Creating Device-Neutral Assignments for BYOD Classes

Article excerpt

As more school districts begin to adopt Bring Your Own Device (BYOD) programs, the same few questions arise: Will I need new lessons? How will students complete assignments? Who will troubleshoot device problems?

"I think it adds a lot of stress to the teachers when they think, 'Here are these students that are going to bring in all kinds of devices, and I don't know what they are and how to use them,'" says Ron Milliner, the director of the Kentucky Academy of Technology Education (KATE), whose organization assists schools in BYOD deployments. "We [at KATE] try to do training [for teachers] to take the lessons they already have prepared and show them how to turn them into lessons we call 'DNA'--device-neutral assignments."

DNA lessons are an important component in allowing students using different devices to do their homework.
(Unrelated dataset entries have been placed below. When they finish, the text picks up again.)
lemma asymmetry_bounds:
  fixes P h k k' \<xi> \<xi>' :: real
  assumes "8 \<le> P" "0 < h" "0 \<le> k" "0 \<le> k'" "P \<le> \<bar>k - k'\<bar>" "\<bar>k - k'\<bar> \<le> 4*P"
    and "k*h \<le> \<xi>" "\<xi> \<le> (k+1)*h" "k'*h \<le> \<xi>'" "\<xi>' \<le> (k'+1)*h"
  defines "\<mu> \<equiv> 1/(k+k'+1)"
  shows "P*\<mu>/4 \<le> \<bar>(\<xi> - \<xi>')/(\<xi> + \<xi>')\<bar>" "\<bar>(\<xi> - \<xi>')/(\<xi> + \<xi>')\<bar> \<le> 10*P*\<mu>"
proof -
  define s where "s = k + k'"
  have sP: "P \<le> s" using assms(3-5) unfolding s_def by linarith
  have x: "s*h \<le> \<xi> + \<xi>'" "\<xi> + \<xi>' \<le> (s+2)*h"
    using assms(7-10) unfolding s_def by (auto simp: algebra_simps)
  have x0: "0 < \<xi> + \<xi>'" using x(1) sP assms(1,2) by (smt (verit) mult_pos_pos)
  define a where "a = \<xi> - \<xi>'"
  define b where "b = (k - k')*h"
  have "\<bar>a - b\<bar> \<le> h" using assms(7-10) unfolding a_def b_def by (simp add: abs_le_iff algebra_simps)
  then have "\<bar>\<bar>a\<bar> - \<bar>b\<bar>\<bar> \<le> h" using abs_triangle_ineq3[of a b] by linarith
  then have "\<bar>b\<bar> - h \<le> \<bar>a\<bar>" "\<bar>a\<bar> \<le> \<bar>b\<bar> + h" using abs_le_D1 abs_le_D2 by fastforce+
  moreover have "\<bar>b\<bar> = \<bar>k - k'\<bar>*h" using assms(2) unfolding b_def by (simp add: abs_mult)
  ultimately have d: "(\<bar>k - k'\<bar> - 1)*h \<le> \<bar>\<xi> - \<xi>'\<bar>" "\<bar>\<xi> - \<xi>'\<bar> \<le> (\<bar>k - k'\<bar> + 1)*h"
    unfolding a_def[symmetric] left_diff_distrib distrib_right by simp_all
  have s1: "0 < s + 1" using sP assms(1) by linarith
  have eq: "\<bar>(\<xi> - \<xi>')/(\<xi> + \<xi>')\<bar> = \<bar>\<xi> - \<xi>'\<bar>/(\<xi> + \<xi>')" using x0 by (simp add: abs_div)
  have "P/(4*(s+1)) * (\<xi> + \<xi>') \<le> P/(4*(s+1)) * (2*(s+1)*h)"
    using x(2) sP assms(1,2) by (intro mult_left_mono order.trans[OF x(2)] mult_right_mono) auto
  also have "\<dots> = (P/2)*h" using s1 by (simp add: field_simps)
  also have "\<dots> \<le> (\<bar>k - k'\<bar> - 1)*h" using assms(1,2,5) by (intro mult_right_mono) auto
  finally have "P/(4*(s+1)) * (\<xi> + \<xi>') \<le> \<bar>\<xi> - \<xi>'\<bar>" using d(1) by linarith
  moreover have "P*\<mu>/4 = P/(4*(s+1))" unfolding \<mu>_def s_def by simp
  ultimately show "P*\<mu>/4 \<le> \<bar>(\<xi> - \<xi>')/(\<xi> + \<xi>')\<bar>"
    unfolding eq by (simp only: pos_le_divide_eq[OF x0])
  have "8*P \<le> P * s" "8 * s \<le> P * s" using sP assms(1) by (simp_all add: mult_right_mono mult_left_mono)
  moreover have "(4*P + 1)*(s+1) = 4*(P * s) + 4*P + s + 1" "10*P * s = 10*(P * s)" by (simp_all add: algebra_simps)
  ultimately have "(4*P + 1)*(s+1) \<le> 10*P * s" using assms(1) by linarith
  then have "4*P + 1 \<le> 10*P * s/(s+1)" using s1 by (simp add: pos_le_divide_eq)
  then have "(\<bar>k - k'\<bar> + 1)*h \<le> 10*P * s/(s+1) * h" using assms(2,6) by (intro mult_right_mono) auto
  also have "\<dots> = 10*P/(s+1) * (s*h)" by simp
  also have "\<dots> \<le> 10*P/(s+1) * (\<xi> + \<xi>')" using x(1) sP assms(1) by (intro mult_left_mono) auto
  finally have "\<bar>\<xi> - \<xi>'\<bar> \<le> 10*P/(s+1) * (\<xi> + \<xi>')" using d(2) by linarith
  moreover have "10*P*\<mu> = 10*P/(s+1)" unfolding \<mu>_def s_def by simp
  ultimately show "\<bar>(\<xi> - \<xi>')/(\<xi> + \<xi>')\<bar> \<le> 10*P*\<mu>"
    unfolding eq by (simp only: pos_divide_le_eq[OF x0])
qed

lemma small_rel_len:
  fixes P \<mu> :: real
  assumes "4*real l \<le> P" "1024*4^l \<le> P^2" "0 < \<mu>" "P*\<mu> \<le> 1"
  shows "4*real l*\<mu> \<le> 1" "32*4^l*\<mu>^2 \<le> 1"
proof -
  have "4*real l*\<mu> \<le> P*\<mu>" using assms(1,3) by (intro mult_right_mono) auto
  then show "4*real l*\<mu> \<le> 1" using assms(4) by linarith
  have "(P*\<mu>)^2 \<le> 1" using assms(3,4) assms(1) by (simp add: abs_square_le_1)
  moreover have "1024*4^l*\<mu>^2 \<le> P^2*\<mu>^2" using assms(2) by (simp add: mult_right_mono)
  ultimately show "32*4^l*\<mu>^2 \<le> 1" by (simp add: power_mult_distrib)
qed

lemma tangent_dev_curve_bounds:
  fixes P h k k' \<xi> \<xi>' :: real
  assumes l: "2 \<le> l" and P: "4*real l \<le> P" "1024*4^l \<le> P^2"
    and "0 < h" "0 \<le> k" "0 \<le> k'" "P \<le> \<bar>k - k'\<bar>" "\<bar>k - k'\<bar> \<le> 4*P"
    and \<xi>: "k*h \<le> \<xi>" "\<xi> \<le> (k+1)*h" "k'*h \<le> \<xi>'" "\<xi>' \<le> (k'+1)*h"
  defines "c \<equiv> (k+k'+1)*h" and "\<mu> \<equiv> 1/(k+k'+1)"
  shows "\<bar>\<xi> + \<xi>' - c\<bar> \<le> h"
    and "(P*\<mu>)^2/32 \<le> tangent_dev l c (\<xi> + \<xi>', \<xi>^l + \<xi>'^l)"
    and "tangent_dev l c (\<xi> + \<xi>', \<xi>^l + \<xi>'^l) \<le> 101*4^l*(P*\<mu>)^2"
proof -
  have P8: "8 \<le> P" using P(1) l by linarith
  have s: "P \<le> k + k'" using assms(5-7) by linarith
  have \<mu>0: "0 < \<mu>" using s P8 unfolding \<mu>_def by simp
  have c0: "0 < c" using s P8 \<open>0 < h\<close> unfolding c_def by simp
  have h: "h = \<mu>*c" unfolding c_def \<mu>_def using s P8 by simp
  have "P*\<mu> \<le> (k+k'+1)*\<mu>" using s \<mu>0 by (intro mult_right_mono) auto
  then have P\<mu>: "P*\<mu> \<le> 1" using s P8 unfolding \<mu>_def by simp
  show x: "\<bar>\<xi> + \<xi>' - c\<bar> \<le> h" using \<xi> unfolding c_def by (auto simp: abs_le_iff algebra_simps)
  define v where "v = (\<xi> + \<xi>' - c)/c"
  define w where "w = (\<xi> - \<xi>')/(\<xi> + \<xi>')"
  have "\<bar>v\<bar> \<le> \<mu>" using x c0 unfolding v_def h by (simp add: abs_div divide_le_eq)
  then have "\<bar>v\<bar> \<le> 2*\<mu>" using \<mu>0 by simp
  note pow = power_near_one[OF this small_rel_len[OF P \<mu>0 P\<mu>]]
  have \<xi>0: "0 \<le> \<xi>" "0 \<le> \<xi>'" using \<xi>(1,3) assms(4-6) by (metis mult_nonneg_nonneg less_imp_le order.trans)+
  have "0 < (k+k')*h" using s P8 assms(4) by simp
  then have x0: "0 < \<xi> + \<xi>'" using \<xi>(1,3) by (simp add: distrib_right)
  have w: "P*\<mu>/4 \<le> \<bar>w\<bar>" "\<bar>w\<bar> \<le> 10*P*\<mu>"
    using asymmetry_bounds[OF P8 assms(4-8) \<xi>] unfolding w_def \<mu>_def by simp_all
  have "\<bar>\<xi> - \<xi>'\<bar> \<le> \<bar>\<xi> + \<xi>'\<bar>" using \<xi>0 by simp
  then have w1: "\<bar>w\<bar> \<le> 1" using x0 unfolding w_def abs_div by simp
  have "(P*\<mu>/4)^2 \<le> \<bar>w\<bar>^2" using w(1) P8 \<mu>0 by (intro power_mono) auto
  then have w2lo: "(P*\<mu>)^2/16 \<le> w^2" by (simp add: power_divide)
  have "\<bar>w\<bar>^2 \<le> (10*P*\<mu>)^2" using w(2) by (intro power_mono) auto
  then have w2hi: "w^2 \<le> 100*(P*\<mu>)^2" by (simp add: power_mult_distrib)
  define F where "F = (1+w)^l + (1-w)^l"
  have F: "2*w^2 \<le> F - 2" "F - 2 \<le> 4^l*w^2"
    using sym_power_sum_lower[OF w1 l] sym_power_sum_bounds[OF w1, of l] unfolding F_def by auto
  have F0: "0 \<le> F - 2" using F(1) zero_le_power2[of w] by linarith
  have dev: "tangent_dev l c (\<xi> + \<xi>', \<xi>^l + \<xi>'^l) = ((1+v)^l - 1 - real l * v) + (1+v)^l * ((F - 2)/2)"
    using tangent_dev_curve_point[OF x0 c0, of l] unfolding v_def w_def F_def by simp
  have "(1/2)*w^2 \<le> (1+v)^l * ((F - 2)/2)" using F(1) F0 pow(1) by (intro mult_mono) auto
  then show "(P*\<mu>)^2/32 \<le> tangent_dev l c (\<xi> + \<xi>', \<xi>^l + \<xi>'^l)" unfolding dev using pow(3) w2lo by linarith
  have "(1+v)^l * ((F - 2)/2) \<le> 2 * (4^l*w^2/2)" using F F0 pow(2) by (intro mult_mono) auto
  also have "\<dots> \<le> 4^l*(100*(P*\<mu>)^2)" using w2hi by simp
  finally have "(1+v)^l * ((F - 2)/2) \<le> 100*(4^l*(P*\<mu>)^2)" by simp
  moreover have "4*4^l*\<mu>^2 \<le> 4^l*(P*\<mu>)^2"
  proof -
    have "8*8 \<le> P*P" using P8 by (intro mult_mono) auto
    then have "4 \<le> P^2" by (simp add: power2_eq_square)
    then show ?thesis by (simp add: power_mult_distrib mult_right_mono)
  qed
  ultimately show "tangent_dev l c (\<xi> + \<xi>', \<xi>^l + \<xi>'^l) \<le> 101*4^l*(P*\<mu>)^2" unfolding dev using pow(4) by linarith
qed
But don't be intimidated by all the acronyms. What Milliner and his team show teachers is that moving to a digital structure doesn't necessarily require big changes to existing lesson plans.

Sometimes this shift can be as simple as changing the wording in a syllabus. =Instead of saying a 'PowerPoint,' say a presentation; don't say 'Word document,' just say word-processing file. The kids are going to find the application or the device program they need to create the assignment," Milliner says. There are also specific cross-platform tools teachers can use, such as word processing programs Microsoft Word or OpenOffice for PCs, Pages for Apple, Google Docs for Android, and Word Mobile for Windows Phone. …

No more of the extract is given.